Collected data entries
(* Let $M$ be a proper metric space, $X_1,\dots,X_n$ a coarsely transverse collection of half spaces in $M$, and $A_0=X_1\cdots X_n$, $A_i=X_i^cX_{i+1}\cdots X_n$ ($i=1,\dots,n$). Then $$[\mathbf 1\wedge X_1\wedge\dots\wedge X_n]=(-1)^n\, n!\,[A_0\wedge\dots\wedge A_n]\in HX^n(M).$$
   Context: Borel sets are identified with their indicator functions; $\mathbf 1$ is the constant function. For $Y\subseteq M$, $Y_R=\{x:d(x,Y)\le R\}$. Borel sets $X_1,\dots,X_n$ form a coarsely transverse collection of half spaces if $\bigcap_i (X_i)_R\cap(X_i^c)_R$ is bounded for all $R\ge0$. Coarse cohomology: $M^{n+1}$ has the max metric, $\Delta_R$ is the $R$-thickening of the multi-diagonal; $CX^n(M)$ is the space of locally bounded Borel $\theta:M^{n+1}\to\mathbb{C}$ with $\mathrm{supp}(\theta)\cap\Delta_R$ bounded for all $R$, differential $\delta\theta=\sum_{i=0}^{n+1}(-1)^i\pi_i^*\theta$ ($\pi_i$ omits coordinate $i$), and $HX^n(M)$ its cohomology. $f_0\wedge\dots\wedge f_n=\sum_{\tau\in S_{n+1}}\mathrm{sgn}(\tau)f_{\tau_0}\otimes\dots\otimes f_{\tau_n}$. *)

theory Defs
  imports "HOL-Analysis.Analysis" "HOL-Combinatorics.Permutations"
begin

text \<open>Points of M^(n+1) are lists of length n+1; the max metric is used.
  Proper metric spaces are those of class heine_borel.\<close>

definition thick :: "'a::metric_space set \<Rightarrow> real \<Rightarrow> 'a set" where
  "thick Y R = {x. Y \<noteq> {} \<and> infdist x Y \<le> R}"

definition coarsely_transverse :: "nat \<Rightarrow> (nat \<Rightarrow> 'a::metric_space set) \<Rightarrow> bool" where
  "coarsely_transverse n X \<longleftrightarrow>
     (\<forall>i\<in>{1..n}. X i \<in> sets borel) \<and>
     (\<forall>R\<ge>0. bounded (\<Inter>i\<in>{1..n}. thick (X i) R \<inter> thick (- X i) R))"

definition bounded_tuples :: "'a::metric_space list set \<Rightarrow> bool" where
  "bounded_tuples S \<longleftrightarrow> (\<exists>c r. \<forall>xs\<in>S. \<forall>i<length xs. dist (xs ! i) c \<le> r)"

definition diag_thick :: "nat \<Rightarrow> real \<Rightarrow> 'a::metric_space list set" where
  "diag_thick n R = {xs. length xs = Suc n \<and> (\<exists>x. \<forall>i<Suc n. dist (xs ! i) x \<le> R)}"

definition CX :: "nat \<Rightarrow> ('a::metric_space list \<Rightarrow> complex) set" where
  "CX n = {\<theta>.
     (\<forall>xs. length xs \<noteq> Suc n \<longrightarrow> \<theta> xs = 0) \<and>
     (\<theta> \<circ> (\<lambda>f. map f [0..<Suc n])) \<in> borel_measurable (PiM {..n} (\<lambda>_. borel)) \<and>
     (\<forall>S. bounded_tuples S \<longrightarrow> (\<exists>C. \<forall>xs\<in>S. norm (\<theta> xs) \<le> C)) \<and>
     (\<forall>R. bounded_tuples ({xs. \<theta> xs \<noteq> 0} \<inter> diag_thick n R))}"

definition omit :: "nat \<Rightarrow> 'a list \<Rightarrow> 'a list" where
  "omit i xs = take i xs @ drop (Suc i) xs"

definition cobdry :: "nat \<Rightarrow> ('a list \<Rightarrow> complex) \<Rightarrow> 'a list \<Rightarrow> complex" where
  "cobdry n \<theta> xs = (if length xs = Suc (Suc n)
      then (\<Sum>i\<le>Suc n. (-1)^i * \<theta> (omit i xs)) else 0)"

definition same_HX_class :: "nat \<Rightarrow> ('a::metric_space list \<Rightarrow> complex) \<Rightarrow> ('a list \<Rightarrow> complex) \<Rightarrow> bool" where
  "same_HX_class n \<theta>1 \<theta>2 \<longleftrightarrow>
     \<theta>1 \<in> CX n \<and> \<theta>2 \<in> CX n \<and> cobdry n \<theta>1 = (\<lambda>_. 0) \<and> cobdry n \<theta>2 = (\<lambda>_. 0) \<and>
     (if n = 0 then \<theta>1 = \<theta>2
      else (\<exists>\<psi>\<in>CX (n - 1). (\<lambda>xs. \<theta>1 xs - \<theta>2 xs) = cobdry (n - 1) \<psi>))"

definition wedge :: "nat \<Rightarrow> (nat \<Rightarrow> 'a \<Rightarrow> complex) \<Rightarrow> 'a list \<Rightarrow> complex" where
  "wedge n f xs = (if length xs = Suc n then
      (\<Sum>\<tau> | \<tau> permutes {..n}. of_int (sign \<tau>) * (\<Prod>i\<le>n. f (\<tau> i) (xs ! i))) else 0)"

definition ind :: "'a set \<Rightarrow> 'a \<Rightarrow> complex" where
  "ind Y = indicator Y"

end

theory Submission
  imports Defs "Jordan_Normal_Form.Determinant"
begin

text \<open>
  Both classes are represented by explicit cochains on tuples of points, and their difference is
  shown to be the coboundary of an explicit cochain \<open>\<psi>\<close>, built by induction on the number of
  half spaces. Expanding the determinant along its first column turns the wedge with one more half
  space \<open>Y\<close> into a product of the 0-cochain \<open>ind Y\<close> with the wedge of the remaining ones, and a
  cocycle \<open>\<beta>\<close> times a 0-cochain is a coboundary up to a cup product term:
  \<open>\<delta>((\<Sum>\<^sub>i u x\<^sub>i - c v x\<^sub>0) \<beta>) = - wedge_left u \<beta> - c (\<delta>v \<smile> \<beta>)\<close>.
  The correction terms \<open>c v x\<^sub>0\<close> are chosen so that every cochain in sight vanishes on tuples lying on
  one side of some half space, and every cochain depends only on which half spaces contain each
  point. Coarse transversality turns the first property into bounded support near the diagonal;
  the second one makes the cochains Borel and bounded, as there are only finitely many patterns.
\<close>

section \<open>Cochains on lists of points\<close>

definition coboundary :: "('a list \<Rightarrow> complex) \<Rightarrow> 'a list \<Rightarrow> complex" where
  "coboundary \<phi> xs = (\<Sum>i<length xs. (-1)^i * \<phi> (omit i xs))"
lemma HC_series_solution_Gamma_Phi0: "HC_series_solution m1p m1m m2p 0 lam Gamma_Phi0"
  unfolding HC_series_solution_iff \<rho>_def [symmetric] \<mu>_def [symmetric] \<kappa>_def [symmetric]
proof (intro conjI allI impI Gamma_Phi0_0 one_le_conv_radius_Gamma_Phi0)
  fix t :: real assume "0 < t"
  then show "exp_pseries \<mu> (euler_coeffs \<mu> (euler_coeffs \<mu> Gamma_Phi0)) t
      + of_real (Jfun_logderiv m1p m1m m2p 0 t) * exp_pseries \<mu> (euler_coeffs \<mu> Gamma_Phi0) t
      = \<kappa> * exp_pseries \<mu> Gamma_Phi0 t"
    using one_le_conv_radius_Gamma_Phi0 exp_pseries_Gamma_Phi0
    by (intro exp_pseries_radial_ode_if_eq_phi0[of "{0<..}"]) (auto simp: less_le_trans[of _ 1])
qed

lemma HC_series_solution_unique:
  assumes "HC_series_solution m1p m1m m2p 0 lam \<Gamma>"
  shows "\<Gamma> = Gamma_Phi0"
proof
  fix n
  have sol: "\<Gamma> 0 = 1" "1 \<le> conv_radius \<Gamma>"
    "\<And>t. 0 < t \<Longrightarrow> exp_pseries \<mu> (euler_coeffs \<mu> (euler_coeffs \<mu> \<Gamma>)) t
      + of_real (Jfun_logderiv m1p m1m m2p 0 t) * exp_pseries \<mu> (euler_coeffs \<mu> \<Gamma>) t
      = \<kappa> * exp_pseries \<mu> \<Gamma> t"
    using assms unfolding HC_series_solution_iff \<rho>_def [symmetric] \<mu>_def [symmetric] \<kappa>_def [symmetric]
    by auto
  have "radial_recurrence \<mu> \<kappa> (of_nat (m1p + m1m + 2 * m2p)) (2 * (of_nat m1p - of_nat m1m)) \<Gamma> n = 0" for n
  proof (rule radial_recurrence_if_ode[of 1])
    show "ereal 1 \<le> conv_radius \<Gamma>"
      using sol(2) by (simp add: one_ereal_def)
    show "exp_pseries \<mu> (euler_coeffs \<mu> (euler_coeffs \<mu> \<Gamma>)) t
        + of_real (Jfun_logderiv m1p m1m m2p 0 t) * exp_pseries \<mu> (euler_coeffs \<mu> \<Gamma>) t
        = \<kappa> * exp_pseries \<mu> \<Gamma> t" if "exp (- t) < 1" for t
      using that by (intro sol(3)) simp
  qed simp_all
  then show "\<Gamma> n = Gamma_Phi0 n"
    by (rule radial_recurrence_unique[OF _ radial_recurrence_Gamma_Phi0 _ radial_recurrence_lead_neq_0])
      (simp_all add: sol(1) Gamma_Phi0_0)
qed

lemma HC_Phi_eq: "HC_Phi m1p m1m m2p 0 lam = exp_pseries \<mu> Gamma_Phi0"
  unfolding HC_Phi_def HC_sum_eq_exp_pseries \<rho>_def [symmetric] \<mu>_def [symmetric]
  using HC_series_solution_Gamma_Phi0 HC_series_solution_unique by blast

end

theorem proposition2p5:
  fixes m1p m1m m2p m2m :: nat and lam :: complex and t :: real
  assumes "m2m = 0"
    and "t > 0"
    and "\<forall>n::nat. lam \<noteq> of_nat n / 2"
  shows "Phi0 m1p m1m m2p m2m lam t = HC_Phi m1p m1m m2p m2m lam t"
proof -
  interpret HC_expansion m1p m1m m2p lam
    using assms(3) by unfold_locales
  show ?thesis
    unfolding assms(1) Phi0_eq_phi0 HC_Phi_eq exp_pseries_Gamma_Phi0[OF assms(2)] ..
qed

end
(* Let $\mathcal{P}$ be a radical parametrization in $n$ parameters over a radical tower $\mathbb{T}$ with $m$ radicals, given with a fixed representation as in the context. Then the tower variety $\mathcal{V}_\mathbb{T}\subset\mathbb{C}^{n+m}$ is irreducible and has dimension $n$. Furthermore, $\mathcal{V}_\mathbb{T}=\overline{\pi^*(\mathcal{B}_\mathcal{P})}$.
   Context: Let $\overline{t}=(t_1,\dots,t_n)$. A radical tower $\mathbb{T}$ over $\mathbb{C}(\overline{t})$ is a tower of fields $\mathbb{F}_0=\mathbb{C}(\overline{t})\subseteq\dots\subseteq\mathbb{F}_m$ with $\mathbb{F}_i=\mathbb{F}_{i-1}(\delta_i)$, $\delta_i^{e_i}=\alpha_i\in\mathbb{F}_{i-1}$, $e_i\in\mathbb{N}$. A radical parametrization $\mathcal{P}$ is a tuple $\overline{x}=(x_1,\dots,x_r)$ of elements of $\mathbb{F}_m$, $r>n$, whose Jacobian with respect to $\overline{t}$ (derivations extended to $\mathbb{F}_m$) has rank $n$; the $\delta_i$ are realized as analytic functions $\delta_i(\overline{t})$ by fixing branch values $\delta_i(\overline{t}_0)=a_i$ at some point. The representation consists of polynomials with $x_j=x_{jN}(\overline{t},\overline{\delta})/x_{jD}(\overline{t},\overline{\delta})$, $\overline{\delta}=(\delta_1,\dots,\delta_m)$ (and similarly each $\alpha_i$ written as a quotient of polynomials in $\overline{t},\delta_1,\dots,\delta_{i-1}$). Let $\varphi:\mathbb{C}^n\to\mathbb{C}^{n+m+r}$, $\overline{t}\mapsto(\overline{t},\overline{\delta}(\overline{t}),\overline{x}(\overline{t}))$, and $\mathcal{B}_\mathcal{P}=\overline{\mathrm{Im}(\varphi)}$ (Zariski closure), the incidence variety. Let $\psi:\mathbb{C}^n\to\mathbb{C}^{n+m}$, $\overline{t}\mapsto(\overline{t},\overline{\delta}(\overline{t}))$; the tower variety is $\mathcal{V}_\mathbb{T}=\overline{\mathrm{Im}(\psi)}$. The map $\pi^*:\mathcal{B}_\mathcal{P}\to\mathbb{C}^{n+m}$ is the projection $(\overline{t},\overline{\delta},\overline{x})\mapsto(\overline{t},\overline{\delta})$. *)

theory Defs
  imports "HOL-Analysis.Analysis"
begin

Assignment
Only a number is wanted here: how many lines of the records above include the string "symmetric"?

Answer section
3